Assuming the first episode acted as the series’ pilot, I expected the second, un-broadcast episode of “Turn-On”, this time hosted by actor Robert Culp and then-wife France Nuyen, to make some changes. One sketch was filmed on location, instead of nowhere, where a highway patrol officer’s motorcycle won’t start, leading him to cry at missing a speeding car, and the synthesiser music being reduced in the sound mix, or eliminated altogether, allowing gags to be more easily heard. However, this latter change now makes more obvious the use of a musical sting at the end of each sketch as a signifier that the sketch has ended, and this is where you now laugh, a cliché used even by Morecambe & Wise and The Two Ronnies.

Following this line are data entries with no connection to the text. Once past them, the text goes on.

(* Every graph $G$ with circular chromatic number $\chi_c(G)\le 5/2$ belongs to CBU.
   Context: Let $e_1,\ldots,e_d$ be the standard basis of $\mathbb{R}^d$. For $d\ge 1$, a graph belongs to $d$-CBU if one can assign to each vertex an axis-parallel box (product of $d$ closed intervals of positive length) in $\mathbb{R}^d$ such that the boxes have pairwise disjoint interiors, two distinct vertices are adjacent iff their boxes intersect, and any two intersecting boxes intersect in a $(d-1)$-dimensional box orthogonal to $e_1$. CBU is the union of $d$-CBU over all $d\ge 1$. *)

theory Defs
  imports Complex_Main
begin

definition is_graph :: "'a set \<Rightarrow> ('a \<Rightarrow> 'a \<Rightarrow> bool) \<Rightarrow> bool" where
  "is_graph V E \<longleftrightarrow> (\<forall>u v. E u v \<longrightarrow> u \<in> V \<and> v \<in> V) \<and> (\<forall>u v. E u v \<longrightarrow> E v u) \<and> (\<forall>v. \<not> E v v)"

definition circ_coloring :: "'a set \<Rightarrow> ('a \<Rightarrow> 'a \<Rightarrow> bool) \<Rightarrow> nat \<Rightarrow> nat \<Rightarrow> ('a \<Rightarrow> nat) \<Rightarrow> bool" where
  "circ_coloring V E k d c \<longleftrightarrow> (\<forall>v\<in>V. c v < k) \<and>
     (\<forall>u\<in>V. \<forall>v\<in>V. E u v \<longrightarrow>
        int d \<le> \<bar>int (c u) - int (c v)\<bar> \<and> \<bar>int (c u) - int (c v)\<bar> \<le> int k - int d)"

definition circular_chromatic_number :: "'a set \<Rightarrow> ('a \<Rightarrow> 'a \<Rightarrow> bool) \<Rightarrow> real" where
  "circular_chromatic_number V E =
     Inf {real k / real d | k d. 1 \<le> d \<and> d \<le> k \<and> (\<exists>c. circ_coloring V E k d c)}"

text \<open>Points of R^d are represented as functions nat \<Rightarrow> real vanishing at coordinates \<ge> d
  (coordinate i corresponds to e_(i+1); coordinate 0 is the e_1 direction).\<close>
definition cbox_d :: "nat \<Rightarrow> (nat \<Rightarrow> real) \<Rightarrow> (nat \<Rightarrow> real) \<Rightarrow> (nat \<Rightarrow> real) set" where
  "cbox_d d a b = {x. (\<forall>i<d. a i \<le> x i \<and> x i \<le> b i) \<and> (\<forall>i\<ge>d. x i = 0)}"

definition obox_d :: "nat \<Rightarrow> (nat \<Rightarrow> real) \<Rightarrow> (nat \<Rightarrow> real) \<Rightarrow> (nat \<Rightarrow> real) set" where
  "obox_d d a b = {x. (\<forall>i<d. a i < x i \<and> x i < b i) \<and> (\<forall>i\<ge>d. x i = 0)}"

definition d_CBU :: "nat \<Rightarrow> 'a set \<Rightarrow> ('a \<Rightarrow> 'a \<Rightarrow> bool) \<Rightarrow> bool" where
  "d_CBU d V E \<longleftrightarrow> (\<exists>A B :: 'a \<Rightarrow> nat \<Rightarrow> real.
     (\<forall>v\<in>V. \<forall>i<d. A v i < B v i) \<and>
     (\<forall>u\<in>V. \<forall>v\<in>V. u \<noteq> v \<longrightarrow> obox_d d (A u) (B u) \<inter> obox_d d (A v) (B v) = {}) \<and>
     (\<forall>u\<in>V. \<forall>v\<in>V. u \<noteq> v \<longrightarrow>
        (E u v \<longleftrightarrow> cbox_d d (A u) (B u) \<inter> cbox_d d (A v) (B v) \<noteq> {})) \<and>
     (\<forall>u\<in>V. \<forall>v\<in>V. u \<noteq> v \<longrightarrow> cbox_d d (A u) (B u) \<inter> cbox_d d (A v) (B v) \<noteq> {} \<longrightarrow>
        (\<exists>a b. a 0 = b 0 \<and> (\<forall>i. 1 \<le> i \<and> i < d \<longrightarrow> a i < b i) \<and>
               cbox_d d (A u) (B u) \<inter> cbox_d d (A v) (B v) = cbox_d d a b)))"

definition CBU :: "'a set \<Rightarrow> ('a \<Rightarrow> 'a \<Rightarrow> bool) \<Rightarrow> bool" where
  "CBU V E \<longleftrightarrow> (\<exists>d\<ge>1. d_CBU d V E)"

end

theory Submission
  imports Defs "HOL-Analysis.Analysis"
begin
text \<open>
  Every word of \<open>Omega_ab \<alpha> \<beta>\<close> starting with 0 is lexicographically below \<open>\<alpha>\<close>, every word
  starting with 1 is above \<open>\<beta>\<close>, and \<open>Omega_ab \<alpha> \<beta>\<close> is shift invariant. Hence, if at some \<open>x\<close>
  the value \<open>proj x \<alpha>\<close> is the largest value of \<open>proj x\<close> on the 0-words of \<open>Omega_ab \<alpha> \<beta>\<close>,
  \<open>proj x \<beta>\<close> the smallest on its 1-words, and \<open>proj x \<alpha> < proj x \<beta>\<close>, then comparing
  \<open>s \<prec> w\<close> at their first differing digit \<open>k\<close> gives
  \<open>proj x w - proj x s \<ge> x ^ k * (proj x \<beta> - proj x \<alpha>) > 0\<close>.

  The inequality \<open>proj x \<alpha> < proj x \<beta>\<close> holds for small \<open>x\<close>, hence on all of \<open>(0,1)\<close> by the
  intermediate value theorem. The extremality property holds for \<open>x \<le> 1/4\<close>, and the same
  first-digit estimate upgrades it from an error \<open>c\<close> to error 0 as soon as
  \<open>2 * c \<le> proj x \<beta> - proj x \<alpha>\<close>. Since \<open>proj x \<omega>\<close> is Lipschitz in \<open>x\<close>, locally uniformly in \<open>\<omega>\<close>,
  extremality is therefore locally constant in \<open>x\<close>, so it holds on the connected set \<open>(0,1)\<close>.
\<close>

lemma summable_digit_power:
  assumes "0 \<le> x" "x < 1"
  shows "summable (\<lambda>k. digit (w k) * x ^ k)"
  by (rule summable_comparison_test[where g = "\<lambda>k. x ^ k"])
     (use assms in \<open>auto simp: digit_def\<close>)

Even if the show had somehow continued, and if audiences had found their peace with it, I don’t know how this format could have sustained itself for a whole series. Reportedly four further episodes were in production when “Turn-On” was cancelled, one of which guest-starred The Monkees, an appropriate fit for this kind of show, but for a show shooting dozens of sketches, each requiring their own camera set-up and rehearsal no matter how little set there is, and with multiple animated studios, special effects providers and editors working on film, all to make it look like it had been generated by a computer, this is a show that could have burned itself out. Ironically, using a computer would have made the show easier to make.

For all the avant-garde weirdness of the style used by “Turn-On”, the grammar of a standard TV show is clear to see, despite its being deployed in a different way. The use of animation throughout “Turn-On” reminded me of “Sesame Street”, which used similar stylistic motifs, and more specifically the grammar of TV advertisements, as an educational tool when it launched in November 1969. The nearest I think there has been since to the fast pace of “Turn-On” was the BBC’s “The Fast Show” from 1994, advertised as guaranteeing up to thirty sketches an episode, while also answered the aversion to punchlines in “Monty Python’s Flying Circus” by only using punchlines.

I think “Turn-On” could work now – its choppy editing style and bare sets is very easy to copy, and a modern-day analogue to its edgy counter-culture humour can be easily found, although I would put it on television later in the evening than 8.30pm. While the six-second limit to videos on the late social media service Vine (2013-17) encouraged a style like the blackout sketches on “Turn-On”, you could argue that “asdfmovie”, the YouTube-based animated show made by Thomas “TomSka” Ridgewell, is the nearest in spirit and style, but with its two-to-three-minute running time making it easier to take.

Unfortunately for “Turn-On”, the gag I found funniest was provided by its sponsor, the pharmaceutical company Bristol-Meyers, reminding its discombobulated viewers that you can buy Bufferin, their brand of aspirin.